First, we can plot some examples using the trained encoder this time.

# Generate an example reconstruction

example_reconstruction = vae(example_images).mean().numpy().squeeze()

# Plot the example reconstructions

fig, axs = plt.subplots(2, 6, figsize=(16, 5))

for j in range(6):
    axs[0, j].imshow(example_images[j, :, :].squeeze(), cmap='binary')
    axs[1, j].imshow(example_reconstruction[j, :, :], cmap='binary')
    axs[0, j].axis('off')
    axs[1, j].axis('off')

Finally, we can look at whether those encoded images exhibit some clusters after training. As we can observer from the right figure, some clusters can be found which contains images in the same or similar label.

# Compute example encodings after training

posttrain_example_encodings = encoder(example_images).mean().numpy()

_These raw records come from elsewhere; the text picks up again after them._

(* Let $(E,\pi,M)$ be a bundle with a connection $\Delta^h$, let $V\subseteq E$ be open, let $\{e_I\}$ be a frame of $T(E)$ over $V$ with $\{e_a\}$ a basis of $\Delta^v$, let $\{X_I\}$ be the frame adapted to $\{e_I\}$ and $\Gamma_\mu^a$ the coefficients of $\Delta^h$ in $\{X_I\}$, and let $U\subseteq V$. Consider frames $\tilde e_\mu=A_\mu^\nu e_\nu+A_\mu^b e_b$, $\tilde e_a=A_a^b e_b$ over $V$, where $[A_\mu^\nu]$, $[A_a^b]$ are non-degenerate matrix-valued functions on $V$ constant on the fibres of $\pi$ and $A_\mu^b\colon V\to\mathbb{K}$. Then all frames $\{\tilde X_I\}$ normal on $U$ for $\Delta^h$ (adapted to such frames $\{\tilde e_I\}$) are adapted to frames $\{\tilde e_I\}$ given on $U$ by $$\tilde e_\mu|_U=\big(A_\mu^\nu(e_\nu+\Gamma_\nu^b e_b)\big)|_U,\qquad \tilde e_a|_U=(A_a^b e_b)|_U,$$ with $[A_\mu^\nu]$, $[A_a^b]$ non-degenerate matrix-valued functions on $V$ constant on the fibres. Moreover, the frame $\{\tilde X_I\}$ adapted on $V$ to such a $\{\tilde e_I\}$ satisfies $$\tilde X_\mu|_U=(A_\mu^\nu X_\nu)|_U=\tilde e_\mu|_U,\qquad \tilde X_a|_U=(A_a^b X_b)|_U=\tilde e_a|_U .$$
   Context: $(E,\pi,M)$: bundle with $E,M$ differentiable manifolds over $\mathbb{K}=\mathbb{R}$ or $\mathbb{C}$, $\dim M=n$, fibre dimension $r$. Indices $\mu,\nu$ run over $1,\dots,n$, $a,b$ over $n+1,\dots,n+r$, $I$ over $1,\dots,n+r$; summation convention. Vertical distribution: $\Delta^v_p=T_p(\pi^{-1}(\pi(p)))$. A connection is an $n$-dimensional distribution $\Delta^h$ on $E$ with $\Delta^v_p\oplus\Delta^h_p=T_p(E)$. For a local frame $\{e_I\}$ of $T(E)$ with $\{e_a\}$ a basis of $\Delta^v$, the adapted frame is $\{X_I\}$ with $X_\mu=(\pi_*|_{\Delta^h})^{-1}\pi_*(e_\mu)$, $X_a=e_a$; then $X_\mu=e_\mu+\Gamma_\mu^b e_b$ for unique functions $\Gamma_\mu^a$ (the 2-index coefficients of $\Delta^h$ in $\{X_I\}$). A frame $\{X_I\}$ adapted to a frame $\{e_I\}$ defined over an open set $V\supseteq U$ is normal for $\Delta^h$ on $U$ if all its coefficients $\Gamma_\mu^a$ vanish on $U$. *)

theory Defs
  imports "HOL-Analysis.Analysis"
begin

text \<open>Pointwise (fibrewise linear-algebraic) model of a bundle with connection.
  Scalars: a field 'k (covers K = real or complex).  Tangent vectors of E live in an
  ambient type 'w, the tangent space at p is the subspace T p.  Tangent vectors of M
  live in 'u.  pistar p is the differential of pi at p; its kernel on T p is the
  vertical space Dv p = T_p(pi^-1(pi p)).
  Indices: mu, nu in {1..n}; a, b in {n+1..n+r}; I in {1..n+r}.\<close>

definition bundle_connection ::
  "('k::field \<Rightarrow> 'w::ab_group_add \<Rightarrow> 'w) \<Rightarrow> ('k \<Rightarrow> 'u::ab_group_add \<Rightarrow> 'u) \<Rightarrow>
   ('e \<Rightarrow> 'm) \<Rightarrow> ('e \<Rightarrow> 'w \<Rightarrow> 'u) \<Rightarrow> ('e \<Rightarrow> 'w set) \<Rightarrow> ('m \<Rightarrow> 'u set) \<Rightarrow>
   ('e \<Rightarrow> 'w set) \<Rightarrow> ('e \<Rightarrow> 'w set) \<Rightarrow> nat \<Rightarrow> nat \<Rightarrow> bool" where
  "bundle_connection sc scM \<pi> pistar T TM Dv Dh n r \<longleftrightarrow>
     vector_space sc \<and> vector_space scM \<and>
     (\<forall>p. module.subspace sc (T p) \<and> vector_space.dim sc (T p) = n + r \<and>
          module.subspace scM (TM (\<pi> p)) \<and> vector_space.dim scM (TM (\<pi> p)) = n \<and>
          Vector_Spaces.linear sc scM (pistar p) \<and> pistar p ` T p = TM (\<pi> p) \<and>
          Dv p = {v \<in> T p. pistar p v = 0} \<and>
          module.subspace sc (Dh p) \<and> Dh p \<subseteq> T p \<and> vector_space.dim sc (Dh p) = n \<and>
          Dv p \<inter> Dh p = {0} \<and> {x + y | x y. x \<in> Dv p \<and> y \<in> Dh p} = T p)"

definition vertical_frame_on ::
  "('k::field \<Rightarrow> 'w::ab_group_add \<Rightarrow> 'w) \<Rightarrow> ('e \<Rightarrow> 'w set) \<Rightarrow> ('e \<Rightarrow> 'w set) \<Rightarrow>
   nat \<Rightarrow> nat \<Rightarrow> 'e set \<Rightarrow> (nat \<Rightarrow> 'e \<Rightarrow> 'w) \<Rightarrow> bool" where
  "vertical_frame_on sc T Dv n r V e \<longleftrightarrow>
     (\<forall>p\<in>V. inj_on (\<lambda>I. e I p) {1..n+r} \<and>
            \<not> module.dependent sc ((\<lambda>I. e I p) ` {1..n+r}) \<and>
            module.span sc ((\<lambda>I. e I p) ` {1..n+r}) = T p \<and>
            module.span sc ((\<lambda>a. e a p) ` {n+1..n+r}) = Dv p)"

definition adapted_frame ::
  "('e \<Rightarrow> 'w \<Rightarrow> 'u) \<Rightarrow> ('e \<Rightarrow> 'w set) \<Rightarrow> nat \<Rightarrow> (nat \<Rightarrow> 'e \<Rightarrow> 'w) \<Rightarrow> nat \<Rightarrow> 'e \<Rightarrow> 'w" where
  "adapted_frame pistar Dh n e I p =
     (if I \<in> {1..n} then (THE h. h \<in> Dh p \<and> pistar p h = pistar p (e I p)) else e I p)"

definition conn_coeff ::
  "('k::field \<Rightarrow> 'w::ab_group_add \<Rightarrow> 'w) \<Rightarrow> ('e \<Rightarrow> 'w \<Rightarrow> 'u) \<Rightarrow> ('e \<Rightarrow> 'w set) \<Rightarrow>
   nat \<Rightarrow> nat \<Rightarrow> (nat \<Rightarrow> 'e \<Rightarrow> 'w) \<Rightarrow> nat \<Rightarrow> 'e \<Rightarrow> nat \<Rightarrow> 'k" where
  "conn_coeff sc pistar Dh n r e \<mu> p =
     (THE g. (\<forall>b. b \<notin> {n+1..n+r} \<longrightarrow> g b = 0) \<and>
             adapted_frame pistar Dh n e \<mu> p = e \<mu> p + (\<Sum>b\<in>{n+1..n+r}. sc (g b) (e b p)))"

# Compare the example encodings before and after training

f, axs = plt.subplots(nrows=1, ncols=2, figsize=(15, 7))
sns.scatterplot(
    x=pretrain_example_encodings[:, 0],
    y=pretrain_example_encodings[:, 1],
    hue=class_names[example_labels], ax=axs[0],
    palette=sns.color_palette("colorblind", 10)
)
sns.scatterplot(
    x=posttrain_example_encodings[:, 0],
    y=posttrain_example_encodings[:, 1],
    hue=class_names[example_labels], 
    ax=axs[1],
    palette=sns.color_palette("colorblind", 10)
)

axs[0].set_title('Encodings of example images before training');
axs[1].set_title('Encodings of example images after training');

for ax in axs: 
    ax.set_xlabel('Encoding dimension 1')
    ax.set_ylabel('Encoding dimension 2')
    ax.legend(loc='upper right')



In this post, we introduced Variational AutoEncoder, which is the probablistic twist of Autoencoder. In contrast to the Autoencoder, it is designed or trained to generate images, and it is not deterministic as the Autoencoder (the output of encoder and decoder given an input image). For example, VAE allows sampling from the distributions in the encoder and decoder and will lead to different results for a given image.